lemma long_tailed_iff_fun:
  assumes "inf_right_endpoint B"
  shows "long_tailed B \<longleftrightarrow> long_tailed_fun (tail B)"
proof -
  note ratio_iff = asymp_equiv_iff_ratio_tendsto[OF tail_neq_zero[OF assms]]
  have "(\<lambda>x. tail B (x + y)) \<sim>[at_top] tail B" if "long_tailed B" for y
  proof (cases y "0::real" rule: linorder_cases)
    case less
    then show ?thesis
      using that[unfolded long_tailed_def, rule_format, of "-y"] unfolding ratio_iff by simp
  next
    case greater
    then have "(\<lambda>x. tail B (x + (-y))) \<sim>[at_top] tail B"
      using that[unfolded long_tailed_def, rule_format, of y] unfolding ratio_iff by simp
    then have "(\<lambda>x. tail B (x + y + (-y))) \<sim>[at_top] (\<lambda>x. tail B (x + y))"
      by (rule asymp_equiv_compose'[OF _ filterlim_plus_const_at_top])
    then show ?thesis by (simp add: asymp_equiv_sym)
  qed simp
  moreover have "long_tailed B" if "long_tailed_fun (tail B)"
    unfolding long_tailed_def
  proof safe
    fix y :: real
    from that have "(\<lambda>x. tail B (x + (-y))) \<sim>[at_top] tail B"
      unfolding long_tailed_fun_def by blast
    then show "((\<lambda>x. tail B (x - y) / tail B x) \<longlongrightarrow> 1) at_top"
      unfolding ratio_iff by simp
  qed
  ultimately show ?thesis unfolding long_tailed_fun_def by blast
qed

lemma long_tailed_fun_asymp_equiv:
  assumes "f \<sim>[at_top] g" "long_tailed_fun g"
  shows "long_tailed_fun f"
  unfolding long_tailed_fun_def
proof
  fix y
  have "(\<lambda>x. f (x + y)) \<sim>[at_top] (\<lambda>x. g (x + y))"
    by (rule asymp_equiv_compose'[OF assms(1) filterlim_plus_const_at_top])
  also have "(\<lambda>x. g (x + y)) \<sim>[at_top] g"
    using assms(2) unfolding long_tailed_fun_def by blast
  also have "g \<sim>[at_top] f"
    using assms(1) by (simp add: asymp_equiv_sym)
  finally show "(\<lambda>x. f (x + y)) \<sim>[at_top] f" .
qed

----

Could you please copy the lines above exactly, beginning at the first and ending at the line that contains "note ratio_iff = asymp_equiv_iff_ratio_tendsto[OF"?

lemma long_tailed_iff_fun:
  assumes "inf_right_endpoint B"
  shows "long_tailed B \<longleftrightarrow> long_tailed_fun (tail B)"
proof -
  note ratio_iff = asymp_equiv_iff_ratio_tendsto[OF tail_neq_zero[OF assms]]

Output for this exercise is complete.